[GIVEN RECORDS — start]

lemma fourier_const:
  assumes "\<xi> \<subseteq> edges n"
  shows "fourier n (\<lambda>_. c) \<xi> = (if \<xi> = {} then c else 0)"
proof -
  have "fourier n (\<lambda>_. c) \<xi> = c * fourier n (\<lambda>x. if x \<in> Pow (edges n) then 1 else 0) \<xi>"
    by (simp add: fourier_def sum_distrib_left)
  also have "\<dots> = c * (real (card (parity_class (Pow (edges n)) \<xi> True))
      - real (card (parity_class (Pow (edges n)) \<xi> False))) / 2 ^ card (edges n)"
    using fourier_indicator[of "Pow (edges n)" n \<xi>] by simp
  also have "\<dots> = (if \<xi> = {} then c else 0)"
  proof (cases "\<xi> = {}")
    case True
    then show ?thesis
      by (simp add: parity_class_empty card_Pow finite_edges)
  next
    case False
    then have "card (parity_class (Pow (edges n)) \<xi> True) = card (parity_class (Pow (edges n)) \<xi> False)"
      using card_parity_class_Pow[OF finite_edges assms] by (metis mult_left_cancel zero_neq_numeral)
    with False show ?thesis
      by simp
  qed
  finally show ?thesis .
qed

lemma linf_fourier_le:
  assumes "\<And>\<xi>. \<xi> \<subseteq> edges n \<Longrightarrow> \<bar>fourier n f \<xi>\<bar> \<le> c"
  shows "linf_fourier n f \<le> c"
proof -
  have "{\<bar>fourier n f \<xi>\<bar> | \<xi>. \<xi> \<subseteq> edges n} = (\<lambda>\<xi>. \<bar>fourier n f \<xi>\<bar>) ` Pow (edges n)"
    by auto
  then show ?thesis
    unfolding linf_fourier_def using assms finite_edges by (auto intro!: Max.boundedI)
qed

lemma abs_fourier_code_le:
  assumes \<H>: "\<forall>H\<in>\<H>. loopless_graph H \<and> even (card H)"
    and "m \<ge> 2" and "4 ^ m \<le> n" and "\<xi> \<subseteq> edges n"
    and \<G>: "\<G> \<subseteq> Pow (edges n)" "is_code \<H> \<G>"
  shows "\<bar>fourier n (\<lambda>x. (if x \<in> \<G> then 1 else 0) - prob n \<G>) \<xi>\<bar> \<le> delta m \<H> - prob n \<G>"
proof -
  let ?a = "real (card (parity_class \<G> \<xi> True))" and ?b = "real (card (parity_class \<G> \<xi> False))"
  let ?M = "2 ^ card (edges n) :: real"
  have fourier: "fourier n (\<lambda>x. (if x \<in> \<G> then 1 else 0) - prob n \<G>) \<xi>
      = (?a - ?b) / ?M - (if \<xi> = {} then prob n \<G> else 0)"
    using fourier_diff fourier_indicator[OF \<G>(1)] fourier_const[OF \<open>\<xi> \<subseteq> edges n\<close>] by simp
  have prob: "prob n \<G> = (?a + ?b) / ?M"
    using card_parity_classes[of \<G> \<xi>] \<G>(1) finite_edges
    by (simp add: prob_def finite_subset flip: of_nat_add)
  show ?thesis
  proof (cases "\<xi> = {}")
    case True
    have "m \<le> n"
      using less_exp[of m] power_mono[of "2::nat" 4 m] assms(3) by linarith
    with True show ?thesis
      using fourier prob prob_le_delta_of_le[OF _ \<G>] by (simp add: parity_class_empty)
  next
    case False
    have "2 * ?a \<le> delta m \<H> * ?M" and "2 * ?b \<le> delta m \<H> * ?M"
      using card_parity_class_le_delta[OF \<H> assms(2-4) False \<G>] by blast+
    then have "\<bar>?a - ?b\<bar> / ?M \<le> (delta m \<H> * ?M - (?a + ?b)) / ?M"
      by (intro divide_right_mono) (simp_all add: abs_le_iff)
    moreover have "\<bar>(?a - ?b) / ?M\<bar> = \<bar>?a - ?b\<bar> / ?M"
      by (simp add: abs_divide)
    moreover have "(delta m \<H> * ?M - (?a + ?b)) / ?M = delta m \<H> - prob n \<G>"
      unfolding prob by (simp add: diff_divide_distrib)
    ultimately show ?thesis
      using False fourier by simp
  qed
qed
lemma survive_le_mpow:
  "y \<in> S \<Longrightarrow> survive S P A x (t + j) y \<le> (\<Sum>z\<in>S. survive S P A x t z * mpow S P j z y)"
proof (induction j arbitrary: y)
  case 0
  then show ?case
    using finite_S by (simp add: if_distrib[of "\<lambda>c. _ * c"] cong: if_cong)
next
  case (Suc j)
  have "survive S P A x (t + Suc j) y \<le> (\<Sum>w\<in>S. survive S P A x (t + j) w * P w y)"
    using survive_Suc_le[OF Suc.prems] by simp
  also have "\<dots> \<le> (\<Sum>w\<in>S. (\<Sum>z\<in>S. survive S P A x t z * mpow S P j z w) * P w y)"
    using Suc.IH by (intro sum_mono mult_right_mono P_nonneg Suc.prems) auto
  also have "\<dots> = (\<Sum>z\<in>S. survive S P A x t z * mpow S P (Suc j) z y)"
    by (simp add: sum_product_assoc)
  finally show ?case .
qed

lemma survival_block_decay:
  assumes "A (t + n) \<subseteq> S"
    and hit: "\<And>z. z \<in> S \<Longrightarrow> q \<le> (\<Sum>y\<in>A (t + n). mpow S P n z y)"
  shows "survival A x (t + n) \<le> (1 - q) * survival A x t"
proof -
  define B where "B = A (t + n)"
  have "survival A x (t + n) = (\<Sum>y\<in>S - B. survive S P A x (t + n) y)"
    unfolding survival_def B_def using finite_S
    by (intro sum.mono_neutral_right) (auto simp: survive_in_target)
  also have "\<dots> \<le> (\<Sum>y\<in>S - B. \<Sum>z\<in>S. survive S P A x t z * mpow S P n z y)"
    by (intro sum_mono survive_le_mpow) simp
  also have "\<dots> = (\<Sum>z\<in>S. survive S P A x t z * (\<Sum>y\<in>S - B. mpow S P n z y))"
    using sum_product_assoc[where f="survive S P A x t" and g="mpow S P n" and h="\<lambda>_. 1" and I=S and J="S - B"]
    by simp
  also have "\<dots> \<le> (\<Sum>z\<in>S. survive S P A x t z * (1 - q))"
  proof (intro sum_mono mult_left_mono survive_nonneg)
    fix z assume z: "z \<in> S"
    show "(\<Sum>y\<in>S - B. mpow S P n z y) \<le> 1 - q"
      using hit[OF z] mpow_row_sum[OF z] assms(1) finite_S unfolding B_def
      by (simp add: sum_diff)
  qed
  finally show ?thesis
    unfolding survival_def by (simp add: sum_distrib_left mult.commute)
qed
lemma T_has_IP_if_indep_instances:
  assumes "distinct xs" and "ok_pfm M xs p" and indep: "\<forall>N. has_indep_instances M xs p N"
  shows "T_has_IP M"
proof -
  obtain \<theta> zs where p: "p = (\<theta>, zs)"
    by fastforce
  obtain \<theta>' ws as where wf: "wfL M \<theta>'" and ys: "distinct (zs @ ws)" "set xs \<inter> set (zs @ ws) = {}"
    and fv: "fv \<theta>' \<subseteq> set xs \<union> set (zs @ ws)" and len: "length as = length ws"
    and sat: "\<And>b c. length b = length xs \<Longrightarrow> length c = length zs \<Longrightarrow>
      satL M (env xs b (zs @ ws) (c @ as)) \<theta>' = satU M (env xs b zs c) \<theta>"
    using elim_params[OF assms(1) assms(2)[unfolded p]] by blast
  let ?R = "\<lambda>c b. satL M (env xs b (zs @ ws) c) \<theta>'"
  have "\<exists>B. B \<subseteq> {c. length c = length (zs @ ws)} \<and> finite B \<and> card B = N \<and>
      (\<forall>t. \<exists>b. length b = length xs \<and> (\<forall>c\<in>B. ?R c b = t c))" for N
  proof -
    obtain cs where cs: "\<forall>i<N. length (cs i) = length zs"
      and shatter: "bool_independent (length xs) (\<lambda>i. inst M xs p (cs i)) N"
      using indep unfolding has_indep_instances_def p by auto
    have "bool_independent (length xs) (\<lambda>i. ?R (cs i @ as)) N"
      using shatter bool_independent_cong[where Q = "\<lambda>i. ?R (cs i @ as)"
          and Q' = "\<lambda>i. inst M xs p (cs i)"] cs
      by (simp add: sat inst_def p)
    then have "card ((\<lambda>i. cs i @ as) ` {..<N}) = N"
      and "\<forall>t. \<exists>b. length b = length xs \<and> (\<forall>c\<in>(\<lambda>i. cs i @ as) ` {..<N}. ?R c b = t c)"
      by (rule shatters_if_bool_independent)+
    moreover have "(\<lambda>i. cs i @ as) ` {..<N} \<subseteq> {c. length c = length (zs @ ws)}"
      using cs len by auto
    ultimately show ?thesis
      by blast
  qed
  with wf ys fv assms(1) have "formula_IP M \<theta>' xs (zs @ ws)"
    unfolding formula_IP_def by auto
  then show ?thesis
    unfolding T_has_IP_def by blast
qed

theorem proposition1p3:
  fixes M :: "('f, 'r, 'a) lstruct"
  assumes "aleph1_saturated M"
  shows "T_has_IP M \<longleftrightarrow>
    (\<exists>(xs :: nat list) (\<Delta> :: ('f, 'r, 'a) pfm set).
       distinct xs \<and> finite \<Delta> \<and> (\<forall>p\<in>\<Delta>. ok_pfm M xs p) \<and>
       opD M xs \<Delta> {\<lambda>b. True} = \<infinity>)"
proof
  assume "T_has_IP M"
  then obtain \<phi> xs ys where "formula_IP M \<phi> xs ys"
    unfolding T_has_IP_def by blast
  then interpret IP_formula M \<phi> xs ys
    by unfold_locales
  obtain cs where "\<forall>i. length (cs i) = length ys"
    and "\<forall>m. bool_independent (length xs) (\<lambda>i. inst M xs ip_pfm (cs i)) m"
    by (rule indep_sequence[OF assms])
  then have "opR_inf M n xs {ip_pfm} {\<lambda>b. True}" for n
    by (intro opR_inf_if_indep_sequence) (simp_all add: ip_pfm_def)
  then have "opD M xs {ip_pfm} {\<lambda>b. True} = \<infinity>"
    unfolding opD_eq_infinity_iff by blast
  then show "\<exists>xs \<Delta>. distinct xs \<and> finite \<Delta> \<and> (\<forall>p\<in>\<Delta>. ok_pfm M xs p) \<and> opD M xs \<Delta> {\<lambda>b. True} = \<infinity>"
    using distinct_xs ok_ip_pfm by blast
next
  assume "\<exists>xs \<Delta>. distinct xs \<and> finite \<Delta> \<and> (\<forall>p\<in>\<Delta>. ok_pfm M xs p) \<and> opD M xs \<Delta> {\<lambda>b. True} = \<infinity>"
  then obtain xs and \<Delta> :: "('f, 'r, 'a) pfm set" where xs: "distinct xs"
    and \<Delta>: "finite \<Delta>" "\<forall>p\<in>\<Delta>. ok_pfm M xs p" and "opD M xs \<Delta> {\<lambda>b. True} = \<infinity>"
    by blast
  then obtain p where "p \<in> \<Delta>" "\<forall>N. has_indep_instances M xs p N"
    using opD_infinity_imp_indep_instances by blast
  then show "T_has_IP M"
    using T_has_IP_if_indep_instances[OF xs] \<Delta>(2) by blast
qed

end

[GIVEN RECORDS — finish]

WHAT YOU ARE ASKED TO DO: Report each line of the records that holds the word "auto".

WRITTEN ANSWER:
    by auto
    unfolding linf_fourier_def using assms finite_edges by (auto intro!: Max.boundedI)
    using Suc.IH by (intro sum_mono mult_right_mono P_nonneg Suc.prems) auto
    by (intro sum.mono_neutral_right) (auto simp: survive_in_target)
      using indep unfolding has_indep_instances_def p by auto
      using cs len by auto
    unfolding formula_IP_def by auto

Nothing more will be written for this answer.